### What you need to do
Copy exactly. Begin with the line that contains "domain with $|\partial\Omega|=0$;" and stop after the last line of the records.

### Raw data
▬▬▬▬▬▬▬▬▬▬
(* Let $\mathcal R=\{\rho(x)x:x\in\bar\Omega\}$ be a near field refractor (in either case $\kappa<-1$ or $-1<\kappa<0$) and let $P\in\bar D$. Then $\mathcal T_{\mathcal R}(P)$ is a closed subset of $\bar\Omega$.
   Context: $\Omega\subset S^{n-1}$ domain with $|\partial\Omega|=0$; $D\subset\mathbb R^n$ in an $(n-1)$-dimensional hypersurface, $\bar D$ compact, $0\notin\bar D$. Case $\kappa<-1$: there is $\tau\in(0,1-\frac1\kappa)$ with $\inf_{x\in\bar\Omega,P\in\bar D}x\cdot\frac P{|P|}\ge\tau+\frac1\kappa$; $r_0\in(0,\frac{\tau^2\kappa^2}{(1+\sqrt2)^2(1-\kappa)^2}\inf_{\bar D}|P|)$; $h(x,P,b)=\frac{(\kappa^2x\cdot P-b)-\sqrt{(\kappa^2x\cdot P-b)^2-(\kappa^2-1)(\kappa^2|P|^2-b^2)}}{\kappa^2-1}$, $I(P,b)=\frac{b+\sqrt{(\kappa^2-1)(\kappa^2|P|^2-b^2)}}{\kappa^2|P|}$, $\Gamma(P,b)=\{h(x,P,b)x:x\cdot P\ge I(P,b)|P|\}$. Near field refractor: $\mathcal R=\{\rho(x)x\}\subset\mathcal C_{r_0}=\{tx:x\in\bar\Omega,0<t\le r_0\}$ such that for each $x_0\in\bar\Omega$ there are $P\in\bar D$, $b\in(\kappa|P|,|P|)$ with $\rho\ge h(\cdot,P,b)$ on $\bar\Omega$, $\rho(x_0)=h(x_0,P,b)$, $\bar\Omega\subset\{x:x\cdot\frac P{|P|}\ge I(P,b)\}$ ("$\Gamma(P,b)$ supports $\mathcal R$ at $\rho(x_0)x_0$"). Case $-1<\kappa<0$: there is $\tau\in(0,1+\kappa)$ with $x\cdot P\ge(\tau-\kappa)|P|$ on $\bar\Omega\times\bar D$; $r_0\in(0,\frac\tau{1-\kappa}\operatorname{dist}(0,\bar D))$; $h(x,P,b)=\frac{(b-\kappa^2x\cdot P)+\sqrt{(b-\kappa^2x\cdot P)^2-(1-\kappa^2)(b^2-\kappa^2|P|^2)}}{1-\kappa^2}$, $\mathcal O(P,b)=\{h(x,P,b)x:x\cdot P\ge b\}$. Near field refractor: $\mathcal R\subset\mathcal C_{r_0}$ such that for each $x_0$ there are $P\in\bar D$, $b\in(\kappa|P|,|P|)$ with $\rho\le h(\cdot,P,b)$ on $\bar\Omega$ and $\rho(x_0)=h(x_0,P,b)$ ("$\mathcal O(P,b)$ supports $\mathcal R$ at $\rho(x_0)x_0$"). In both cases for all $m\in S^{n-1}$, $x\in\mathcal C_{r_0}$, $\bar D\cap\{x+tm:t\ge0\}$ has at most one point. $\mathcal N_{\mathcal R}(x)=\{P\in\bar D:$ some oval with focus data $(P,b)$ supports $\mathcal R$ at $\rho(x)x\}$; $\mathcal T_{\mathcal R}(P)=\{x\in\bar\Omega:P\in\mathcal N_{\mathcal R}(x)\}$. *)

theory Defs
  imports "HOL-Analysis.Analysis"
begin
▬▬▬▬▬▬▬▬▬▬
### Response to the exercise
   Context: $\Omega\subset S^{n-1}$ domain with $|\partial\Omega|=0$; $D\subset\mathbb R^n$ in an $(n-1)$-dimensional hypersurface, $\bar D$ compact, $0\notin\bar D$. Case $\kappa<-1$: there is $\tau\in(0,1-\frac1\kappa)$ with $\inf_{x\in\bar\Omega,P\in\bar D}x\cdot\frac P{|P|}\ge\tau+\frac1\kappa$; $r_0\in(0,\frac{\tau^2\kappa^2}{(1+\sqrt2)^2(1-\kappa)^2}\inf_{\bar D}|P|)$; $h(x,P,b)=\frac{(\kappa^2x\cdot P-b)-\sqrt{(\kappa^2x\cdot P-b)^2-(\kappa^2-1)(\kappa^2|P|^2-b^2)}}{\kappa^2-1}$, $I(P,b)=\frac{b+\sqrt{(\kappa^2-1)(\kappa^2|P|^2-b^2)}}{\kappa^2|P|}$, $\Gamma(P,b)=\{h(x,P,b)x:x\cdot P\ge I(P,b)|P|\}$. Near field refractor: $\mathcal R=\{\rho(x)x\}\subset\mathcal C_{r_0}=\{tx:x\in\bar\Omega,0<t\le r_0\}$ such that for each $x_0\in\bar\Omega$ there are $P\in\bar D$, $b\in(\kappa|P|,|P|)$ with $\rho\ge h(\cdot,P,b)$ on $\bar\Omega$, $\rho(x_0)=h(x_0,P,b)$, $\bar\Omega\subset\{x:x\cdot\frac P{|P|}\ge I(P,b)\}$ ("$\Gamma(P,b)$ supports $\mathcal R$ at $\rho(x_0)x_0$"). Case $-1<\kappa<0$: there is $\tau\in(0,1+\kappa)$ with $x\cdot P\ge(\tau-\kappa)|P|$ on $\bar\Omega\times\bar D$; $r_0\in(0,\frac\tau{1-\kappa}\operatorname{dist}(0,\bar D))$; $h(x,P,b)=\frac{(b-\kappa^2x\cdot P)+\sqrt{(b-\kappa^2x\cdot P)^2-(1-\kappa^2)(b^2-\kappa^2|P|^2)}}{1-\kappa^2}$, $\mathcal O(P,b)=\{h(x,P,b)x:x\cdot P\ge b\}$. Near field refractor: $\mathcal R\subset\mathcal C_{r_0}$ such that for each $x_0$ there are $P\in\bar D$, $b\in(\kappa|P|,|P|)$ with $\rho\le h(\cdot,P,b)$ on $\bar\Omega$ and $\rho(x_0)=h(x_0,P,b)$ ("$\mathcal O(P,b)$ supports $\mathcal R$ at $\rho(x_0)x_0$"). In both cases for all $m\in S^{n-1}$, $x\in\mathcal C_{r_0}$, $\bar D\cap\{x+tm:t\ge0\}$ has at most one point. $\mathcal N_{\mathcal R}(x)=\{P\in\bar D:$ some oval with focus data $(P,b)$ supports $\mathcal R$ at $\rho(x)x\}$; $\mathcal T_{\mathcal R}(P)=\{x\in\bar\Omega:P\in\mathcal N_{\mathcal R}(x)\}$. *)

theory Defs
  imports "HOL-Analysis.Analysis"
begin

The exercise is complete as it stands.